[[ Entries supplied open ]]

lemma cinner_msum_products:
  fixes B :: "'y::finite \<Rightarrow> complex mat"
  assumes hB: "\<And>y. herm_mat n (B y)" and v: "v \<in> carrier_vec n"
  shows "cinner v (msum n UNIV (\<lambda>(y, y'). complex_of_real (c y y') \<cdot>\<^sub>m (B y * B y')) *\<^sub>v v)
    = (\<Sum>y\<in>UNIV. \<Sum>y'\<in>UNIV. complex_of_real (c y y') * cinner (B y *\<^sub>v v) (B y' *\<^sub>v v))"
proof -
  have BC: "B y \<in> carrier_mat n n" for y using hB unfolding herm_mat_def by blast
  have PC: "B y * B y' \<in> carrier_mat n n" for y y' using BC[of y] BC[of y'] by simp
  have BBv: "cinner v ((B y * B y') *\<^sub>v v) = cinner (B y *\<^sub>v v) (B y' *\<^sub>v v)" for y y'
  proof -
    have "(B y * B y') *\<^sub>v v = B y *\<^sub>v (B y' *\<^sub>v v)" using BC[of y] BC[of y'] v by (metis assoc_mult_mat_vec)
    then show ?thesis using cinner_herm_mat[OF hB[of y], of "B y' *\<^sub>v v" v] BC[of y'] v by simp
  qed
  have "cinner v (msum n UNIV (\<lambda>(y, y'). complex_of_real (c y y') \<cdot>\<^sub>m (B y * B y')) *\<^sub>v v)
      = (\<Sum>p\<in>UNIV. cinner v ((\<lambda>(y, y'). complex_of_real (c y y') \<cdot>\<^sub>m (B y * B y')) p *\<^sub>v v))"
    by (rule cinner_msum) (use PC v in \<open>auto split: prod.splits\<close>)
  also have "\<dots> = (\<Sum>p\<in>UNIV. case p of (y, y') \<Rightarrow> complex_of_real (c y y') * cinner (B y *\<^sub>v v) (B y' *\<^sub>v v))"
  proof (rule sum.cong[OF refl])
    fix p :: "'y \<times> 'y"
    obtain y y' where p: "p = (y, y')" by fastforce
    show "cinner v ((\<lambda>(y, y'). complex_of_real (c y y') \<cdot>\<^sub>m (B y * B y')) p *\<^sub>v v) =
      (case p of (y, y') \<Rightarrow> complex_of_real (c y y') * cinner (B y *\<^sub>v v) (B y' *\<^sub>v v))"
      unfolding p using cinner_smult_mat[OF PC[of y y'] v v] BBv[of y y'] by simp
  qed
  finally show ?thesis by (simp only: sum_UNIV_prod_case)
qed

lemma Re_cinner_Pop:
  fixes \<Phi> :: "'x::finite \<Rightarrow> 'y::finite \<Rightarrow> real"
  assumes hB: "\<And>y. herm_mat n (B y)" and v: "v \<in> carrier_vec n"
  shows "Re (cinner v (Pop \<Phi> lam \<xi> n B *\<^sub>v v)) = (\<xi> * Re (cinner v v)
     - (\<Sum>y\<in>UNIV. \<Sum>y'\<in>UNIV. (\<Sum>x\<in>UNIV. \<Phi> x y * \<Phi> x y' / lam (Inl x))
          * Re (cinner (B y *\<^sub>v v) (B y' *\<^sub>v v)))) / 2"
proof -
  define Mi where "Mi x = msum n (UNIV :: ('y \<times> 'y) set) (\<lambda>(y, y'). complex_of_real (\<Phi> x y * \<Phi> x y') \<cdot>\<^sub>m (B y * B y'))" for x
  define M where "M = msum n UNIV (\<lambda>x. complex_of_real (1 / lam (Inl x)) \<cdot>\<^sub>m Mi x)"
  have MiC: "Mi x \<in> carrier_mat n n" for x unfolding Mi_def by simp
  have MC: "M \<in> carrier_mat n n" unfolding M_def by simp
  have "cinner v (M *\<^sub>v v) = (\<Sum>x\<in>UNIV. cinner v ((complex_of_real (1 / lam (Inl x)) \<cdot>\<^sub>m Mi x) *\<^sub>v v))"
    unfolding M_def by (rule cinner_msum) (use MiC v in auto)
  also have "\<dots> = (\<Sum>x\<in>UNIV. complex_of_real (1 / lam (Inl x)) * cinner v (Mi x *\<^sub>v v))"
    by (intro sum.cong refl) (rule cinner_smult_mat[OF MiC v v])
  finally have "Re (cinner v (M *\<^sub>v v)) = (\<Sum>x\<in>UNIV. \<Sum>y\<in>UNIV. \<Sum>y'\<in>UNIV.
      \<Phi> x y * \<Phi> x y' / lam (Inl x) * Re (cinner (B y *\<^sub>v v) (B y' *\<^sub>v v)))"
    unfolding Mi_def cinner_msum_products[OF hB v] by (simp add: sum_distrib_left mult_ac)
  also have "\<dots> = (\<Sum>y\<in>UNIV. \<Sum>y'\<in>UNIV. (\<Sum>x\<in>UNIV. \<Phi> x y * \<Phi> x y' / lam (Inl x))
      * Re (cinner (B y *\<^sub>v v) (B y' *\<^sub>v v)))"
    by (simp only: sum.swap[where A="UNIV::'x set" and B="UNIV::'y set"] sum_distrib_right)
  finally have ReM: "Re (cinner v (M *\<^sub>v v)) = \<dots>" .
  have XC: "complex_of_real \<xi> \<cdot>\<^sub>m 1\<^sub>m n - M \<in> carrier_mat n n" using MC by (metis minus_carrier_mat)
  have "cinner v (Pop \<Phi> lam \<xi> n B *\<^sub>v v) = (1/2) * cinner v ((complex_of_real \<xi> \<cdot>\<^sub>m 1\<^sub>m n - M) *\<^sub>v v)"
    unfolding Pop_def Mi_def[symmetric] M_def[symmetric] by (rule cinner_smult_mat[OF XC v v])
  also have "\<dots> = (1/2) * (complex_of_real \<xi> * cinner v v - cinner v (M *\<^sub>v v))"
    using cinner_minus_mat[of "complex_of_real \<xi> \<cdot>\<^sub>m 1\<^sub>m n" n M v v] cinner_smult_mat[of "1\<^sub>m n" n v v "complex_of_real \<xi>"] MC v
    by simp
  finally have "Re (cinner v (Pop \<Phi> lam \<xi> n B *\<^sub>v v))
      = Re ((1/2) * (complex_of_real \<xi> * cinner v v - cinner v (M *\<^sub>v v)))"
    by (rule arg_cong)
  also have "\<dots> = (\<xi> * Re (cinner v v) - Re (cinner v (M *\<^sub>v v))) / 2"
    by (simp add: Re_divide_numeral)
  finally show ?thesis unfolding ReM .
qed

[[ Entries supplied closed ]]

▶ **Exercise instructions**:
When the word "unfolding" occurs in a line above, list that line.

▶ **Exercise output**:
  have BC: "B y \<in> carrier_mat n n" for y using hB unfolding herm_mat_def by blast
      unfolding p using cinner_smult_mat[OF PC[of y y'] v v] BBv[of y y'] by simp
  have MiC: "Mi x \<in> carrier_mat n n" for x unfolding Mi_def by simp
  have MC: "M \<in> carrier_mat n n" unfolding M_def by simp
    unfolding M_def by (rule cinner_msum) (use MiC v in auto)
    unfolding Mi_def cinner_msum_products[OF hB v] by (simp add: sum_distrib_left mult_ac)
    unfolding Pop_def Mi_def[symmetric] M_def[symmetric] by (rule cinner_smult_mat[OF XC v v])
  finally show ?thesis unfolding ReM .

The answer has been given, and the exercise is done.